→ Problem to work on
The answer should hold nothing but the lines from the one with "x = restr k w)" through the end of the listing below, each exactly as written.

─── Task data ───

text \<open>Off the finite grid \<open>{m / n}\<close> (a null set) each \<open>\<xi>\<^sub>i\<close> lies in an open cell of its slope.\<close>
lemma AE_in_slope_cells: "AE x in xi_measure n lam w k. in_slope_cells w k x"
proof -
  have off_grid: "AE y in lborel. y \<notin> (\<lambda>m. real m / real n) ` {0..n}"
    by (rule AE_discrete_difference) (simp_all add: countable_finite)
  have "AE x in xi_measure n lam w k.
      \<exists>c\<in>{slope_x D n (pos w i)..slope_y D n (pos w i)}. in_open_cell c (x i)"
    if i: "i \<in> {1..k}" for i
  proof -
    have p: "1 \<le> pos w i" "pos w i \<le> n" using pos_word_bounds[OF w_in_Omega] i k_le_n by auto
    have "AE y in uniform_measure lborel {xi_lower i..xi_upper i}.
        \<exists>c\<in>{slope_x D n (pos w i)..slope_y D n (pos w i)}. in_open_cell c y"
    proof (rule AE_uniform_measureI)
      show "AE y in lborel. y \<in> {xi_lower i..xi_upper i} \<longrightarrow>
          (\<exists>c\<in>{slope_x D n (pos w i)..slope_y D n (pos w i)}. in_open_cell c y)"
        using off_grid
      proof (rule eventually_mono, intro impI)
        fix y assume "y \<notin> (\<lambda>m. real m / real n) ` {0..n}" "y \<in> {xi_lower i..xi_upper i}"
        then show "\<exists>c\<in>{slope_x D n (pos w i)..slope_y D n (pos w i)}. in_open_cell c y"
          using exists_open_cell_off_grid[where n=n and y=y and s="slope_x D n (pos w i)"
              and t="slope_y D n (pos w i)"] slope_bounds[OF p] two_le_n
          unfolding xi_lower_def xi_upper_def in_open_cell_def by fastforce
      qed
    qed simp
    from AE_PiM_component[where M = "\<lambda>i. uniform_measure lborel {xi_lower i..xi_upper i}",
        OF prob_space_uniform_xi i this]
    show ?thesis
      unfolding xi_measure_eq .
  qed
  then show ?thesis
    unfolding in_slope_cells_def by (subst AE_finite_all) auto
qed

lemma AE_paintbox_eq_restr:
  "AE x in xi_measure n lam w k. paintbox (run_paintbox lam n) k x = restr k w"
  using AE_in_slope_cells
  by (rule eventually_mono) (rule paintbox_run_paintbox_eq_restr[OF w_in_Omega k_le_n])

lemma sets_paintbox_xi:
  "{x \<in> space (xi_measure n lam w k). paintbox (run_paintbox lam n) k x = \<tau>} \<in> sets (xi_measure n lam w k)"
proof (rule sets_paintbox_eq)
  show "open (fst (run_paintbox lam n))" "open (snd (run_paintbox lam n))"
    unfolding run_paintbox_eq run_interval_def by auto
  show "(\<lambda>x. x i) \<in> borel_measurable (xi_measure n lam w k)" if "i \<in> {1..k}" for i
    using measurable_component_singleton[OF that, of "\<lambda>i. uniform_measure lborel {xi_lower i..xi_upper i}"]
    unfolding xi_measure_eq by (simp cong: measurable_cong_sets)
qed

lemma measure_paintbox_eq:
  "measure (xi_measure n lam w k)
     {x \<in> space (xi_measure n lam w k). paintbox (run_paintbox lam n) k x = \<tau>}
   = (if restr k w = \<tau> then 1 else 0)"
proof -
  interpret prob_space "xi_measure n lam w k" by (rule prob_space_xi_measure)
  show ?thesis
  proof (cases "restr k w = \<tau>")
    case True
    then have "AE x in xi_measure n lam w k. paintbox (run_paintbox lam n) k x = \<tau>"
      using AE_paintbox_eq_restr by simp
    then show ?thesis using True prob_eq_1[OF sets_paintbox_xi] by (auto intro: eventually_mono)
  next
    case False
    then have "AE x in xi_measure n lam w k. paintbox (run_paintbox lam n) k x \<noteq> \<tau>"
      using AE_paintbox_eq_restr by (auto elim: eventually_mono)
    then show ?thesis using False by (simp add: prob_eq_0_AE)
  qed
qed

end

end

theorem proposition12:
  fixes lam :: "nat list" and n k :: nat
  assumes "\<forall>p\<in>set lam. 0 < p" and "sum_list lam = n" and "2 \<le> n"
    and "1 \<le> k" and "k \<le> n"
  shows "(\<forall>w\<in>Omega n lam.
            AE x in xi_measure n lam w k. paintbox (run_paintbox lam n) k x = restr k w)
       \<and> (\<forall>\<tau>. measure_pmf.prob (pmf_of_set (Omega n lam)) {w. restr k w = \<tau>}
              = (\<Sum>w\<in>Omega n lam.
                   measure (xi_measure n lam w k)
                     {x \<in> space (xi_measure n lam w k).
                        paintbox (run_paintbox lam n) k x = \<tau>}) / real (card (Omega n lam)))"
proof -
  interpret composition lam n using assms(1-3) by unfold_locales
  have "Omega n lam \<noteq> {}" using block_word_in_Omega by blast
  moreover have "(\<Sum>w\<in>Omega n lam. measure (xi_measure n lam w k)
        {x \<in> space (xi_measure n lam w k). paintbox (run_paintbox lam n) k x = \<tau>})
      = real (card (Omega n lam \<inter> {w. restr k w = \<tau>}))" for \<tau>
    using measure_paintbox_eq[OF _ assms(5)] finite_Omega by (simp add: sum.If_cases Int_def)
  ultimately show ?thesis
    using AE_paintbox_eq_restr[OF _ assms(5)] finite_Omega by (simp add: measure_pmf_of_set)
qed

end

───

→ Task output
            AE x in xi_measure n lam w k. paintbox (run_paintbox lam n) k x = restr k w)
       \<and> (\<forall>\<tau>. measure_pmf.prob (pmf_of_set (Omega n lam)) {w. restr k w = \<tau>}
              = (\<Sum>w\<in>Omega n lam.
                   measure (xi_measure n lam w k)
                     {x \<in> space (xi_measure n lam w k).
                        paintbox (run_paintbox lam n) k x = \<tau>}) / real (card (Omega n lam)))"
proof -
  interpret composition lam n using assms(1-3) by unfold_locales
  have "Omega n lam \<noteq> {}" using block_word_in_Omega by blast
  moreover have "(\<Sum>w\<in>Omega n lam. measure (xi_measure n lam w k)
        {x \<in> space (xi_measure n lam w k). paintbox (run_paintbox lam n) k x = \<tau>})
      = real (card (Omega n lam \<inter> {w. restr k w = \<tau>}))" for \<tau>
    using measure_paintbox_eq[OF _ assms(5)] finite_Omega by (simp add: sum.If_cases Int_def)
  ultimately show ?thesis
    using AE_paintbox_eq_restr[OF _ assms(5)] finite_Omega by (simp add: measure_pmf_of_set)
qed

end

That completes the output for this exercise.